Exercise brief = Reproduce exactly the line containing "norm (c *\<^sub>R" and every line after it, through the last line of the records below; add nothing.

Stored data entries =
(* Let $E\subseteq\mathbb{R}^d$ be a compact convex set and let $\alpha:[0,L]\to\mathbb{R}^d$ be a rectifiable curve with length $\ell(\alpha)$. Let $F\subseteq[0,L]$ be a finite set and $E_F=\bigcup_{t\in F}(E+\alpha(t))$. Then $|E_F|\le|E|+\ell(\alpha)\,\Delta_E$.
   Context: $|\cdot|$ denotes Lebesgue measure. $\Delta_E=\sup_{q\in\mathbb{R}^d\setminus\{0\}}|\mathcal{P}_{q^\perp}E|$, where $\mathcal{P}_{q^\perp}$ is the orthogonal projection onto the hyperplane $q^\perp=\{x:\langle x,q\rangle=0\}$ and the measure of the projection is $(d-1)$-dimensional. *)

theory Defs
  imports "HOL-Analysis.Analysis"
begin

definition hyperplane_proj :: "'a::euclidean_space \<Rightarrow> 'a \<Rightarrow> 'a" where
  "hyperplane_proj q x = x - ((x \<bullet> q) / (q \<bullet> q)) *\<^sub>R q"

text \<open>(d-1)-dimensional Lebesgue measure of a set S contained in the hyperplane
  orthogonal to q: by Fubini it equals the d-dimensional Lebesgue measure of the
  right prism of height 1 over S in the unit normal direction.\<close>
definition hyperplane_measure :: "'a::euclidean_space \<Rightarrow> 'a set \<Rightarrow> real" where
  "hyperplane_measure q S =
     measure lebesgue {x + s *\<^sub>R (q /\<^sub>R norm q) | x s. x \<in> S \<and> s \<in> {0..1}}"

definition Delta :: "'a::euclidean_space set \<Rightarrow> real" where
  "Delta E = (SUP q\<in>UNIV - {0}. hyperplane_measure q (hyperplane_proj q ` E))"

definition polygon_lengths :: "(real \<Rightarrow> 'a::euclidean_space) \<Rightarrow> real \<Rightarrow> real \<Rightarrow> real set" where
  "polygon_lengths \<alpha> a b =
     {(\<Sum>i<n. dist (\<alpha> (t (Suc i))) (\<alpha> (t i))) | n t.
        t 0 = a \<and> t n = b \<and> (\<forall>i<n. t i \<le> t (Suc i))}"

definition rectifiable_curve :: "(real \<Rightarrow> 'a::euclidean_space) \<Rightarrow> real \<Rightarrow> real \<Rightarrow> bool" where
  "rectifiable_curve \<alpha> a b \<longleftrightarrow> continuous_on {a..b} \<alpha> \<and> bdd_above (polygon_lengths \<alpha> a b)"

definition curve_length :: "(real \<Rightarrow> 'a::euclidean_space) \<Rightarrow> real \<Rightarrow> real \<Rightarrow> real" where
  "curve_length \<alpha> a b = Sup (polygon_lengths \<alpha> a b)"

end

theory Submission
  imports Defs
begin

text \<open>Walk through the points of \<open>F\<close> in increasing order: each new translate
  \<open>E + \<alpha>(t')\<close> enlarges the union by at most \<open>|(E + w) - E|\<close>, where
  \<open>w = \<alpha>(t') - \<alpha>(t)\<close> for the previous point \<open>t\<close>. For convex \<open>E\<close> the translates of
  \<open>(E + w) - E\<close> by the multiples \<open>j w\<close> are pairwise disjoint, and the first \<open>N\<close> of them
  lie in a prism of height about \<open>N |w| + diam E\<close> over the projection of \<open>E\<close> onto
  \<open>w\<^sup>\<bottom>\<close>; letting \<open>N \<rightarrow> \<infinity>\<close> gives \<open>|(E + w) - E| \<le> |w| \<Delta>\<^sub>E\<close>. Summing over
  consecutive points bounds \<open>|E\<^sub>F|\<close> by \<open>|E|\<close> plus \<open>\<Delta>\<^sub>E\<close> times the length of an
  inscribed polygon, which is at most \<open>\<ell>(\<alpha>)\<close>.\<close>

lemma mem_translate_iff:
  fixes a :: "'a::ab_group_add"
  shows "y \<in> (\<lambda>x. x + a) ` A \<longleftrightarrow> y - a \<in> A"
  by (auto simp: image_iff intro!: bexI[of _ "y - a"])

lemma translate_diff_translate:
  fixes a b :: "'a::ab_group_add"
  shows "(\<lambda>x. x + b) ` E - (\<lambda>x. x + a) ` E = (\<lambda>x. x + a) ` ((\<lambda>x. x + (b - a)) ` E - E)"
  by (auto simp: mem_translate_iff algebra_simps)

lemma measure_translate [simp]:
  fixes a :: "'a::euclidean_space"
  shows "measure lebesgue ((\<lambda>x. x + a) ` S) = measure lebesgue S"
  using measure_translation[of a S] by (simp add: add.commute)

lemma lmeasurable_translate:
  fixes a :: "'a::euclidean_space"
  shows "S \<in> lmeasurable \<Longrightarrow> (\<lambda>x. x + a) ` S \<in> lmeasurable"
  using measurable_translation[of S a] by (simp add: add.commute)

lemma compact_translate:
  fixes a :: "'a::real_normed_vector"
  shows "compact S \<Longrightarrow> compact ((\<lambda>x. x + a) ` S)"
  using compact_translation[of S a] by (simp add: add.commute)

definition prism :: "'a::real_vector set \<Rightarrow> 'a \<Rightarrow> real set \<Rightarrow> 'a set" where
  "prism S u I = {x + s *\<^sub>R u | x s. x \<in> S \<and> s \<in> I}"

lemma prism_memI: "x \<in> S \<Longrightarrow> s \<in> I \<Longrightarrow> x + s *\<^sub>R u \<in> prism S u I"
  by (auto simp: prism_def)

lemma prism_mono: "I \<subseteq> J \<Longrightarrow> prism S u I \<subseteq> prism S u J"
  by (auto simp: prism_def)

lemma compact_prism:
  fixes S :: "'a::real_normed_vector set"
  assumes "compact S" and "compact I"
  shows "compact (prism S u I)"
proof -
  have "prism S u I = (\<lambda>(x, s). x + s *\<^sub>R u) ` (S \<times> I)"
    by (force simp: prism_def)
  moreover have "compact ((\<lambda>(x, s). x + s *\<^sub>R u) ` (S \<times> I))"
    by (intro compact_continuous_image compact_Times assms)
       (auto intro!: continuous_intros simp: case_prod_unfold)
  ultimately show ?thesis by simp
qed

lemma prism_subset_Union_unit_prisms:
  "prism S u {a..a + real K + 1} \<subseteq> (\<Union>m\<le>K. (\<lambda>x. x + (a + real m) *\<^sub>R u) ` prism S u {0..1})"
proof
  fix y assume "y \<in> prism S u {a..a + real K + 1}"
  then obtain x s where y: "y = x + s *\<^sub>R u" and x: "x \<in> S" and s: "a \<le> s" "s \<le> a + real K + 1"
    by (auto simp: prism_def)
  define m where "m = min K (nat \<lfloor>s - a\<rfloor>)"
  have "m \<le> K" by (simp add: m_def)
  moreover have "0 \<le> s - a - real m" "s - a - real m \<le> 1"
    using s by (auto simp: m_def min_def not_le) linarith+
  then have "x + (s - a - real m) *\<^sub>R u \<in> prism S u {0..1}"
    using x by (intro prism_memI) auto
  moreover have "y = x + (s - a - real m) *\<^sub>R u + (a + real m) *\<^sub>R u"
    by (simp add: y algebra_simps)
  ultimately show "y \<in> (\<Union>m\<le>K. (\<lambda>x. x + (a + real m) *\<^sub>R u) ` prism S u {0..1})"
    by blast
qed

lemma measure_prism_le:
  fixes S :: "'a::euclidean_space set"
  assumes "compact S" and "a \<le> b"
  shows "measure lebesgue (prism S u {a..b}) \<le> (b - a + 1) * measure lebesgue (prism S u {0..1})"
proof -
  define K where "K = nat \<lfloor>b - a\<rfloor>"
  define Q where "Q = prism S u {0..1}"
  have Q: "Q \<in> lmeasurable"
    unfolding Q_def by (intro lmeasurable_compact compact_prism assms) simp
  have U: "(\<Union>m\<le>K. (\<lambda>x. x + (a + real m) *\<^sub>R u) ` Q) \<in> lmeasurable"
    unfolding Q_def by (intro lmeasurable_compact compact_UN compact_translate compact_prism assms) auto
  have "b \<le> a + real K + 1" "real K \<le> b - a"
    using assms(2) by (auto simp: K_def) linarith
  then have "prism S u {a..b} \<subseteq> (\<Union>m\<le>K. (\<lambda>x. x + (a + real m) *\<^sub>R u) ` Q)"
    unfolding Q_def by (intro order_trans[OF prism_mono prism_subset_Union_unit_prisms]) auto
  then have "measure lebesgue (prism S u {a..b})
      \<le> measure lebesgue (\<Union>m\<le>K. (\<lambda>x. x + (a + real m) *\<^sub>R u) ` Q)"
    using U lmeasurable_compact[OF compact_prism[OF assms(1) compact_Icc]]
    by (intro measure_mono_fmeasurable fmeasurableD)
  also have "\<dots> \<le> (\<Sum>m\<le>K. measure lebesgue ((\<lambda>x. x + (a + real m) *\<^sub>R u) ` Q))"
    using Q by (intro measure_UNION_le) (auto intro: fmeasurableD lmeasurable_translate)
  also have "\<dots> = (real K + 1) * measure lebesgue Q"
    by simp
  also have "\<dots> \<le> (b - a + 1) * measure lebesgue Q"
    using \<open>real K \<le> b - a\<close> by (intro mult_right_mono) auto
  finally show ?thesis unfolding Q_def .
qed

lemma hyperplane_measure_eq_prism:
  "hyperplane_measure q S = measure lebesgue (prism S (q /\<^sub>R norm q) {0..1})"
  by (simp add: hyperplane_measure_def prism_def)

lemma continuous_on_hyperplane_proj: "continuous_on S (hyperplane_proj q)"
  unfolding hyperplane_proj_def divide_inverse by (intro continuous_intros)

lemma norm_hyperplane_proj_le: "norm (hyperplane_proj q x) \<le> norm x"
proof -
  define c where "c = (x \<bullet> q) / (q \<bullet> q)"
  have "(x - c *\<^sub>R q) \<bullet> (c *\<^sub>R q) = 0"
    by (cases "q = 0") (simp_all add: c_def algebra_simps inner_commute)
  then have "norm x ^ 2 = norm (x - c *\<^sub>R q) ^ 2 + norm (c *\<^sub>R q) ^ 2"
    using norm_add_Pythagorean[of "x - c *\<^sub>R q" "c *\<^sub>R q"] by (simp add: orthogonal_def)
  then have "norm (x - c *\<^sub>R q) ^ 2 \<le> norm x ^ 2"
    by simp
  then show ?thesis
    by (simp add: hyperplane_proj_def c_def power2_le_iff_abs_le)
qed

Response to the exercise =
  then have "norm x ^ 2 = norm (x - c *\<^sub>R q) ^ 2 + norm (c *\<^sub>R q) ^ 2"
    using norm_add_Pythagorean[of "x - c *\<^sub>R q" "c *\<^sub>R q"] by (simp add: orthogonal_def)
  then have "norm (x - c *\<^sub>R q) ^ 2 \<le> norm x ^ 2"
    by simp
  then show ?thesis
    by (simp add: hyperplane_proj_def c_def power2_le_iff_abs_le)
qed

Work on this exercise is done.